27 November 2011

Reflecting on the Title of Rafael Campo's book Landscape With Human Figure

I have been writing for several years now about my predicament of being both queer and rural.  On one hand, I love living where I do.  There is not a thirty mile commute to work in gridlock traffic.  I rarely have to wait in line for more than ten minutes to buy anything.  And there is the endless wonder of the landscape in all four season.  Yesterday, I watched a four point stag pursue a doe through the neighborhood oblivious to cars, people, or front  lawns.

On the other hand, it gets very lonely.  I am the only out gay male in my department at a school of 12,000 students.  My university doesn't have an LGBTQI organizaion, it settles for a Gay-Straight Alliance.  And if I want to go out dancing with other men, then I better be prepared for a ninety mile drive north on a two lane road without shoulders.  But this isn't a post about my desire to dance and cruise other men.

It is getting dark earlier every day and I am anticipating more and more snow.  The weather and the landscape are resuming their annual emphasis on bareness and deprivation.  I can't help but also reflect on the lack of like-minded queers here.  There is no one I can call up and meet for a latte and a gripe session about how every event here is at least 60% or more ally attended.  The events feel more queer friendly than queer once LGBTQ folks become the minority.  But I wonder if I would be any better off in a larger city?

Two Idaho folks have given me this article because they know that I am gay and a poet.  The subject matter is relevant, but the content is not.  I have never been beautiful/fit/fashionable enough to feel like I belonged in mainstream gay (therefore urban) culture.  The elitism and privilege that oozes from every part of this article is appalling.
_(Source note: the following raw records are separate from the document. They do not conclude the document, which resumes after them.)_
(* Let $M$ be a universal semi-POVM and let $x\in\mathbb{C}^N$ be computable with $\|x\|=1$. Then the map $\Sigma^*\ni s\mapsto x^\dagger M(s)x$ is a universal probability.
   Context: $N$ is a fixed positive integer; $\Sigma^*$ is the set of finite binary strings. A vector $x\in\mathbb{C}^N$ is computable if each component is $a+ib$ with $a,b$ computable real numbers. $\mathrm{Her}(N)$ is the set of $N\times N$ Hermitian matrices and $\mathrm{Her}_Q(N)$ those with entries in $\{a+ib:a,b\in\mathbb{Q}\}$; $A\leqslant B$ means $B-A$ is positive semi-definite. A lower-computable semi-measure is a function $r:\Sigma^*\to[0,\infty)$ with $\sum_s r(s)\le 1$ such that there is a total recursive $f:\mathbb{N}\times\Sigma^*\to\mathbb{Q}$ with $\lim_{n}f(n,s)=r(s)$ and $f(n,s)\le f(n+1,s)$ for all $n,s$. A universal probability is a lower-computable semi-measure $m$ such that for every lower-computable semi-measure $r$ there is $c>0$ with $c\,r(s)\le m(s)$ for all $s$. A semi-POVM on $\Sigma^*$ is a map $R:\Sigma^*\to\mathrm{Her}(N)$ with $0\leqslant R(s)$ for all $s$ and $\sum_s R(s)\leqslant I$. A lower-computable semi-POVM is a semi-POVM $R$ for which there is a total recursive $f:\mathbb{N}\times\Sigma^*\to\mathrm{Her}_Q(N)$ with $\lim_{n}f(n,s)=R(s)$ and $f(n,s)\leqslant R(s)$ for all $n,s$. A universal semi-POVM is a lower-computable semi-POVM $M$ such that for every lower-computable semi-POVM $R$ there is $c>0$ with $c\,R(s)\leqslant M(s)$ for all $s\in\Sigma^*$. *)

theory Defs
  imports "HOL-Analysis.Analysis" "HOL-Library.Nat_Bijection"
begin

datatype recf = Zero | Succ | Proj nat | Comp recf "recf list" | Prim recf recf | Mu recf

inductive eval :: "recf \<Rightarrow> nat list \<Rightarrow> nat \<Rightarrow> bool" where
  eval_Zero: "eval Zero xs 0"
| eval_Succ: "eval Succ (x # xs) (Suc x)"
| eval_Proj: "i < length xs \<Longrightarrow> eval (Proj i) xs (xs ! i)"
| eval_Comp: "list_all2 (\<lambda>g y. eval g xs y) gs ys \<Longrightarrow> eval f ys z \<Longrightarrow> eval (Comp f gs) xs z"
| eval_Prim0: "eval f xs y \<Longrightarrow> eval (Prim f g) (0 # xs) y"
| eval_PrimS: "eval (Prim f g) (n # xs) y \<Longrightarrow> eval g (y # n # xs) z \<Longrightarrow> eval (Prim f g) (Suc n # xs) z"
| eval_Mu: "eval f (n # xs) 0 \<Longrightarrow> (\<forall>m<n. \<exists>y. 0 < y \<and> eval f (m # xs) y) \<Longrightarrow> eval (Mu f) xs n"
(* Let $G$ and $H$ be finite graphs such that $\Delta(G)<n(H)$ and $\gamma(H)=1$. Then $\Gamma_{\rm S}(G,H)=\gamma_{\rm S}(G,H)=n(G)$.
   Context: All graphs are finite and simple; $\Delta(G)$ is the maximum degree of $G$, $n(X)=|V(X)|$, and $\gamma(X)$ is the domination number. For graphs $G,H$ and a function $f\colon V(G)\to V(H)$, the Sierpiński product $G\otimes_f H$ is the graph with vertex set $V(G)\times V(H)$ and edges of two types: (type 1) $(g,h)(g,h')$ for every $g\in V(G)$ and every edge $hh'\in E(H)$; (type 2) $(g,f(g'))(g',f(g))$ for every edge $gg'\in E(G)$. $\gamma_{\rm S}(G,H)=\min_{f}\gamma(G\otimes_f H)$ and $\Gamma_{\rm S}(G,H)=\max_{f}\gamma(G\otimes_f H)$, over all functions $f\colon V(G)\to V(H)$. *)

theory Defs
  imports Main
begin

definition fin_graph :: "'a set \<Rightarrow> ('a \<Rightarrow> 'a \<Rightarrow> bool) \<Rightarrow> bool" where
  "fin_graph V E \<longleftrightarrow> finite V \<and> (\<forall>x y. E x y \<longrightarrow> x \<in> V \<and> y \<in> V)
     \<and> (\<forall>x y. E x y \<longrightarrow> E y x) \<and> (\<forall>x. \<not> E x x)"

definition degree :: "'a set \<Rightarrow> ('a \<Rightarrow> 'a \<Rightarrow> bool) \<Rightarrow> 'a \<Rightarrow> nat" where
  "degree V E x = card {y \<in> V. E x y}"

definition max_degree :: "'a set \<Rightarrow> ('a \<Rightarrow> 'a \<Rightarrow> bool) \<Rightarrow> nat" where
  "max_degree V E = Max (insert 0 (degree V E ` V))"

definition dominating :: "'a set \<Rightarrow> ('a \<Rightarrow> 'a \<Rightarrow> bool) \<Rightarrow> 'a set \<Rightarrow> bool" where
  "dominating V E D \<longleftrightarrow> D \<subseteq> V \<and> (\<forall>v\<in>V. v \<in> D \<or> (\<exists>u\<in>D. E u v))"

definition domination_number :: "'a set \<Rightarrow> ('a \<Rightarrow> 'a \<Rightarrow> bool) \<Rightarrow> nat" where
  "domination_number V E = Min {card D | D. dominating V E D}"

definition sierp_adj :: "('a \<Rightarrow> 'a \<Rightarrow> bool) \<Rightarrow> ('b \<Rightarrow> 'b \<Rightarrow> bool) \<Rightarrow> ('a \<Rightarrow> 'b)
    \<Rightarrow> 'a \<times> 'b \<Rightarrow> 'a \<times> 'b \<Rightarrow> bool" where
  "sierp_adj EG EH f p q \<longleftrightarrow>
     (fst p = fst q \<and> EH (snd p) (snd q))
   \<or> (EG (fst p) (fst q) \<and> snd p = f (fst q) \<and> snd q = f (fst p))"

definition sierp_dom :: "'a set \<Rightarrow> ('a \<Rightarrow> 'a \<Rightarrow> bool) \<Rightarrow> 'b set \<Rightarrow> ('b \<Rightarrow> 'b \<Rightarrow> bool)
    \<Rightarrow> ('a \<Rightarrow> 'b) \<Rightarrow> nat" where
  "sierp_dom VG EG VH EH f = domination_number (VG \<times> VH) (sierp_adj EG EH f)"

definition gamma_S :: "'a set \<Rightarrow> ('a \<Rightarrow> 'a \<Rightarrow> bool) \<Rightarrow> 'b set \<Rightarrow> ('b \<Rightarrow> 'b \<Rightarrow> bool) \<Rightarrow> nat" where
  "gamma_S VG EG VH EH = Min {sierp_dom VG EG VH EH f | f. \<forall>g\<in>VG. f g \<in> VH}"

definition Gamma_S :: "'a set \<Rightarrow> ('a \<Rightarrow> 'a \<Rightarrow> bool) \<Rightarrow> 'b set \<Rightarrow> ('b \<Rightarrow> 'b \<Rightarrow> bool) \<Rightarrow> nat" where
  "Gamma_S VG EG VH EH = Max {sierp_dom VG EG VH EH f | f. \<forall>g\<in>VG. f g \<in> VH}"

end

theory Submission
  imports Defs
begin

text \<open>A universal vertex \<open>h\<^sub>0\<close> of \<open>H\<close> makes the layer \<open>V(G) \<times> {h\<^sub>0}\<close> dominating,
  so \<open>\<gamma>(G \<otimes>\<^sub>f H) \<le> n(G)\<close> for every \<open>f\<close>. Conversely, a vertex \<open>g\<close> has at most \<open>\<Delta>(G) < n(H)\<close>
  neighbours, so some \<open>(g, h)\<close> is not the endpoint of a type-2 edge; it can only be dominated
  from inside its own \<open>H\<close>-layer, hence every dominating set meets every layer and
  \<open>\<gamma>(G \<otimes>\<^sub>f H) \<ge> n(G)\<close>.\<close>

lemma finite_dominating_cards:
  assumes "finite V"
  shows "finite {card D | D. dominating V E D}"
proof (rule finite_subset)
  show "{card D | D. dominating V E D} \<subseteq> card ` Pow V"
    by (auto simp: dominating_def)
qed (use assms in simp)

lemma dominating_self: "dominating V E V"
  by (simp add: dominating_def)

lemma domination_number_attained:
  assumes "finite V"
  obtains D where "dominating V E D" "card D = domination_number V E"
proof -
  have "domination_number V E \<in> {card D | D. dominating V E D}"
    unfolding domination_number_def
    using finite_dominating_cards[OF assms] dominating_self by (intro Min_in) auto
  with that show thesis by auto
qed

lemma domination_number_eqI:
  assumes "finite V" and "dominating V E D" and "card D = n"
    and "\<And>D'. dominating V E D' \<Longrightarrow> n \<le> card D'"
  shows "domination_number V E = n"
  unfolding domination_number_def
  using assms finite_dominating_cards[OF assms(1)] by (intro Min_eqI) auto

lemma domination_number_eq_1_imp_universal_vertex:
  assumes "finite V" and "domination_number V E = 1"
  obtains h where "h \<in> V" "\<forall>v\<in>V. v = h \<or> E h v"
proof -
  obtain D where D: "dominating V E D" "card D = 1"
    using domination_number_attained[OF assms(1)] assms(2) by metis
  then obtain h where "D = {h}" by (auto simp: card_Suc_eq)
  with D(1) that show thesis by (auto simp: dominating_def)
qed

lemma degree_le_max_degree:
  assumes "finite V" and "x \<in> V"
  shows "degree V E x \<le> max_degree V E"
  unfolding max_degree_def using assms by (intro Max_ge) auto

lemma dominating_sierp_layer:
  assumes "h\<^sub>0 \<in> VH" and "\<forall>v\<in>VH. v = h\<^sub>0 \<or> EH h\<^sub>0 v"
  shows "dominating (VG \<times> VH) (sierp_adj EG EH f) (VG \<times> {h\<^sub>0})"
  using assms by (auto simp: dominating_def sierp_adj_def)

lemma sierp_dominating_meets_layer:
  assumes G: "fin_graph VG EG"
    and D: "dominating (VG \<times> VH) (sierp_adj EG EH f) D"
    and g: "g \<in> VG" and h: "h \<in> VH" "h \<notin> f ` {g' \<in> VG. EG g g'}"
  shows "g \<in> fst ` D"
proof -
  have "(g, h) \<in> D \<or> (\<exists>u\<in>D. sierp_adj EG EH f u (g, h))"
    using D g h(1) by (auto simp: dominating_def)
  then consider "(g, h) \<in> D" | u where "u \<in> D" "sierp_adj EG EH f u (g, h)"
    by blast
  then show ?thesis
  proof cases
    case (2 u)
    have "fst u \<in> VG" using \<open>u \<in> D\<close> D by (auto simp: dominating_def)
    moreover have "fst u = g \<or> (EG (fst u) g \<and> h = f (fst u))"
      using 2(2) by (auto simp: sierp_adj_def)
    ultimately have "fst u = g"
      using h(2) G by (auto simp: fin_graph_def)
    with \<open>u \<in> D\<close> show ?thesis by force
  qed force
qed

lemma exists_vertex_outside_neighbour_image:
  assumes "finite VG" and "g \<in> VG" and "max_degree VG EG < card VH"
  obtains h where "h \<in> VH" "h \<notin> f ` {g' \<in> VG. EG g g'}"
proof -
  let ?N = "{g' \<in> VG. EG g g'}"
  have "card (f ` ?N) \<le> degree VG EG g"
    unfolding degree_def using assms(1) by (simp add: card_image_le)
  also have "\<dots> < card VH"
    using degree_le_max_degree[OF assms(1,2), of EG] assms(3) by simp
  finally have "card (f ` ?N) < card VH" .
  moreover have "finite (f ` ?N)" using assms(1) by simp
  ultimately have "\<not> VH \<subseteq> f ` ?N"
    by (metis card_mono leD)
  with that show thesis by blast
qed

lemma card_le_sierp_dominating:
  assumes G: "fin_graph VG EG" and "max_degree VG EG < card VH"
    and D: "dominating (VG \<times> VH) (sierp_adj EG EH f) D"
  shows "card VG \<le> card D"
proof -
  have fin: "finite VG" "finite VH"
    using G assms(2) card.infinite by (fastforce simp: fin_graph_def)+
  have fD: "finite D"
    using D fin by (metis dominating_def finite_SigmaI finite_subset)
  have "VG \<subseteq> fst ` D"
  proof
    fix g assume "g \<in> VG"
    then obtain h where "h \<in> VH" "h \<notin> f ` {g' \<in> VG. EG g g'}"
      using exists_vertex_outside_neighbour_image fin(1) assms(2) by metis
    with G D \<open>g \<in> VG\<close> show "g \<in> fst ` D" by (rule sierp_dominating_meets_layer)
  qed
  then have "card VG \<le> card (fst ` D)" using fD by (simp add: card_mono)
  also have "\<dots> \<le> card D" using fD by (rule card_image_le)
  finally show ?thesis .
qed

lemma sierp_dom_eq_card:
  assumes "fin_graph VG EG" and "fin_graph VH EH"
    and "max_degree VG EG < card VH"
    and "h\<^sub>0 \<in> VH" and "\<forall>v\<in>VH. v = h\<^sub>0 \<or> EH h\<^sub>0 v"
  shows "sierp_dom VG EG VH EH f = card VG"
  unfolding sierp_dom_def
proof (rule domination_number_eqI)
  show "finite (VG \<times> VH)" using assms(1,2) by (simp add: fin_graph_def)
  show "dominating (VG \<times> VH) (sierp_adj EG EH f) (VG \<times> {h\<^sub>0})"
    using assms(4,5) by (rule dominating_sierp_layer)
  show "card (VG \<times> {h\<^sub>0}) = card VG" by (simp add: card_cartesian_product)
  show "card VG \<le> card D" if "dominating (VG \<times> VH) (sierp_adj EG EH f) D" for D
    using assms(1,3) that by (rule card_le_sierp_dominating)
qed

theorem proposition2p3:
  fixes VG :: "'a set" and EG :: "'a \<Rightarrow> 'a \<Rightarrow> bool"
    and VH :: "'b set" and EH :: "'b \<Rightarrow> 'b \<Rightarrow> bool"
  assumes "fin_graph VG EG" and "fin_graph VH EH"
    and "max_degree VG EG < card VH"
    and "domination_number VH EH = 1"
  shows "Gamma_S VG EG VH EH = card VG \<and> gamma_S VG EG VH EH = card VG"
proof -
  have "finite VH" using assms(2) by (simp add: fin_graph_def)
  then obtain h\<^sub>0 where h\<^sub>0: "h\<^sub>0 \<in> VH" "\<forall>v\<in>VH. v = h\<^sub>0 \<or> EH h\<^sub>0 v"
    using assms(4) by (rule domination_number_eq_1_imp_universal_vertex)
  note sierp_dom_eq_card[OF assms(1-3) h\<^sub>0]
  then have "{sierp_dom VG EG VH EH f | f. \<forall>g\<in>VG. f g \<in> VH} = {card VG}"
    using h\<^sub>0(1) by auto
  then show ?thesis unfolding Gamma_S_def gamma_S_def by simp
qed

end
Idaho folks, please do not think of me like this.

So I struggle.  I wrestle with what it means to be a radical minded queer in a rural environment.  The internet helps, but it cannot become the entirety of my culture.  No amount of reading of blogs and books will stand in for a diverse and trangressive queer community.  Rural queers are usually told to do one of two things: 1) Move or 2) Create their own community.

The first option refuses to acknowledge that any life other than the urban (or suburban one for that matter) is valid.  The second fails to acknowledge that a community is made up of more than two or three individuals.  

But despite this, some LGBTQ people choose to remain right where they are.  

I loved growing up in rural Montana, but it nearly killed me.  The landscape was heartbreakingly beautiful, but the attitudes of many people who live there were just as heartbreaking.  Some of these issues get dealt with in my forthcoming chapbook, The Geography or Removal due out in February.